***** DATA TO USE *****

(* Define, for natural numbers $n,h$, $M(n,h)=\frac{2n+2-2\lceil 2\sqrt{n+h}\,\rceil}{4}$. If $M(n,h)<h$, then there is no polyomino with $n$ tiles and $h$ holes. Moreover, for every $h\ge1$, $h\le M(g(h),h)$.
   Context: A polyomino is a finite union of closed unit squares (tiles) of the square lattice, any two meeting (if at all) in a whole edge, whose interior is connected. Its holes are the bounded connected components of its complement in the plane. For $h\ge1$, $g(h)$ is the minimum number of tiles of a polyomino with exactly $h$ holes. *)

theory Defs
  imports "HOL-Analysis.Analysis"
begin

definition tile :: "int \<times> int \<Rightarrow> (real \<times> real) set" where
  "tile c = {x. real_of_int (fst c) \<le> fst x \<and> fst x \<le> real_of_int (fst c) + 1 \<and>
               real_of_int (snd c) \<le> snd x \<and> snd x \<le> real_of_int (snd c) + 1}"

definition region :: "(int \<times> int) set \<Rightarrow> (real \<times> real) set" where
  "region P = (\<Union>c\<in>P. tile c)"

definition is_polyomino :: "(int \<times> int) set \<Rightarrow> bool" where
  "is_polyomino P \<longleftrightarrow> finite P \<and> P \<noteq> {} \<and> connected (interior (region P))"

definition holes :: "(int \<times> int) set \<Rightarrow> (real \<times> real) set set" where
  "holes P = {C \<in> components (- region P). bounded C}"

definition num_holes :: "(int \<times> int) set \<Rightarrow> nat" where
  "num_holes P = card (holes P)"

definition g :: "nat \<Rightarrow> nat" where
  "g h = (LEAST n. \<exists>P. is_polyomino P \<and> card P = n \<and> num_holes P = h)"

definition M :: "nat \<Rightarrow> nat \<Rightarrow> real" where
  "M n h = (2 * real n + 2 - 2 * real_of_int \<lceil>2 * sqrt (real (n + h))\<rceil>) / 4"

end

theory Submission
  imports Defs
begin

text \<open>
  Count directed boundary edges, i.e. pairs of a cell of a polyomino \<open>P\<close> and a lattice
  neighbour outside \<open>P\<close>. Of the \<open>4n\<close> directed edges leaving the \<open>n\<close> cells, those ending
  in \<open>P\<close> come in opposite pairs, and since \<open>P\<close> is connected a spanning tree provides at
  least \<open>2(n - 1)\<close> of them; so \<open>P\<close> has at most \<open>2n + 2\<close> boundary edges. Filling in the
  \<open>h\<close> holes yields at least \<open>n + h\<close> cells whose boundary edges are boundary edges of \<open>P\<close>,
  and every hole, being surrounded by \<open>P\<close>, accounts for at least four further ones.
  A set of cells meeting \<open>w\<close> columns and \<open>r\<close> rows has at most \<open>wr\<close> cells and at least
  \<open>2(w + r)\<close> boundary edges, so the filled set has at least \<open>2\<lceil>2 sqrt (n + h)\<rceil>\<close> of
  them. Hence \<open>4h + 2\<lceil>2 sqrt (n + h)\<rceil> \<le> 2n + 2\<close>, which is \<open>h \<le> M n h\<close>.
  For the second claim it suffices that some polyomino has \<open>h\<close> holes: a
  \<open>(2h + 1) \<times> 3\<close> rectangle with every other cell of its middle row removed.
\<close>

definition open_rectangle :: "int \<times> int \<Rightarrow> int \<times> int \<Rightarrow> (real \<times> real) set" where
  "open_rectangle c d =
     {of_int (fst c) <..< of_int (fst d) + 1} \<times> {of_int (snd c) <..< of_int (snd d) + 1}"

abbreviation open_cell :: "int \<times> int \<Rightarrow> (real \<times> real) set" where
  "open_cell c \<equiv> open_rectangle c c"

definition cell_center :: "int \<times> int \<Rightarrow> real \<times> real" where
  "cell_center c = (of_int (fst c) + 1/2, of_int (snd c) + 1/2)"

definition neighbours :: "int \<times> int \<Rightarrow> (int \<times> int) set" where
  "neighbours c = {(fst c + 1, snd c), (fst c - 1, snd c), (fst c, snd c + 1), (fst c, snd c - 1)}"

lemma tile_eq_Times:
  "tile c = {of_int (fst c) .. of_int (fst c) + 1} \<times> {of_int (snd c) .. of_int (snd c) + 1}"
  by (auto simp: tile_def)

lemma compact_tile: "compact (tile c)"
  by (simp add: tile_eq_Times compact_Times)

*****

## TASK STATEMENT
The listing above is to be transcribed in full, with no line omitted.

## REPLY
(* Define, for natural numbers $n,h$, $M(n,h)=\frac{2n+2-2\lceil 2\sqrt{n+h}\,\rceil}{4}$. If $M(n,h)<h$, then there is no polyomino with $n$ tiles and $h$ holes. Moreover, for every $h\ge1$, $h\le M(g(h),h)$.
   Context: A polyomino is a finite union of closed unit squares (tiles) of the square lattice, any two meeting (if at all) in a whole edge, whose interior is connected. Its holes are the bounded connected components of its complement in the plane. For $h\ge1$, $g(h)$ is the minimum number of tiles of a polyomino with exactly $h$ holes. *)

theory Defs
  imports "HOL-Analysis.Analysis"
begin

definition tile :: "int \<times> int \<Rightarrow> (real \<times> real) set" where
  "tile c = {x. real_of_int (fst c) \<le> fst x \<and> fst x \<le> real_of_int (fst c) + 1 \<and>
               real_of_int (snd c) \<le> snd x \<and> snd x \<le> real_of_int (snd c) + 1}"

definition region :: "(int \<times> int) set \<Rightarrow> (real \<times> real) set" where
  "region P = (\<Union>c\<in>P. tile c)"

definition is_polyomino :: "(int \<times> int) set \<Rightarrow> bool" where
  "is_polyomino P \<longleftrightarrow> finite P \<and> P \<noteq> {} \<and> connected (interior (region P))"

definition holes :: "(int \<times> int) set \<Rightarrow> (real \<times> real) set set" where
  "holes P = {C \<in> components (- region P). bounded C}"

definition num_holes :: "(int \<times> int) set \<Rightarrow> nat" where
  "num_holes P = card (holes P)"

definition g :: "nat \<Rightarrow> nat" where
  "g h = (LEAST n. \<exists>P. is_polyomino P \<and> card P = n \<and> num_holes P = h)"

definition M :: "nat \<Rightarrow> nat \<Rightarrow> real" where
  "M n h = (2 * real n + 2 - 2 * real_of_int \<lceil>2 * sqrt (real (n + h))\<rceil>) / 4"

end

theory Submission
  imports Defs
begin

text \<open>
  Count directed boundary edges, i.e. pairs of a cell of a polyomino \<open>P\<close> and a lattice
  neighbour outside \<open>P\<close>. Of the \<open>4n\<close> directed edges leaving the \<open>n\<close> cells, those ending
  in \<open>P\<close> come in opposite pairs, and since \<open>P\<close> is connected a spanning tree provides at
  least \<open>2(n - 1)\<close> of them; so \<open>P\<close> has at most \<open>2n + 2\<close> boundary edges. Filling in the
  \<open>h\<close> holes yields at least \<open>n + h\<close> cells whose boundary edges are boundary edges of \<open>P\<close>,
  and every hole, being surrounded by \<open>P\<close>, accounts for at least four further ones.
  A set of cells meeting \<open>w\<close> columns and \<open>r\<close> rows has at most \<open>wr\<close> cells and at least
  \<open>2(w + r)\<close> boundary edges, so the filled set has at least \<open>2\<lceil>2 sqrt (n + h)\<rceil>\<close> of
  them. Hence \<open>4h + 2\<lceil>2 sqrt (n + h)\<rceil> \<le> 2n + 2\<close>, which is \<open>h \<le> M n h\<close>.
  For the second claim it suffices that some polyomino has \<open>h\<close> holes: a
  \<open>(2h + 1) \<times> 3\<close> rectangle with every other cell of its middle row removed.
\<close>

definition open_rectangle :: "int \<times> int \<Rightarrow> int \<times> int \<Rightarrow> (real \<times> real) set" where
  "open_rectangle c d =
     {of_int (fst c) <..< of_int (fst d) + 1} \<times> {of_int (snd c) <..< of_int (snd d) + 1}"

abbreviation open_cell :: "int \<times> int \<Rightarrow> (real \<times> real) set" where
  "open_cell c \<equiv> open_rectangle c c"

definition cell_center :: "int \<times> int \<Rightarrow> real \<times> real" where
  "cell_center c = (of_int (fst c) + 1/2, of_int (snd c) + 1/2)"

definition neighbours :: "int \<times> int \<Rightarrow> (int \<times> int) set" where
  "neighbours c = {(fst c + 1, snd c), (fst c - 1, snd c), (fst c, snd c + 1), (fst c, snd c - 1)}"

lemma tile_eq_Times:
  "tile c = {of_int (fst c) .. of_int (fst c) + 1} \<times> {of_int (snd c) .. of_int (snd c) + 1}"
  by (auto simp: tile_def)

lemma compact_tile: "compact (tile c)"
  by (simp add: tile_eq_Times compact_Times)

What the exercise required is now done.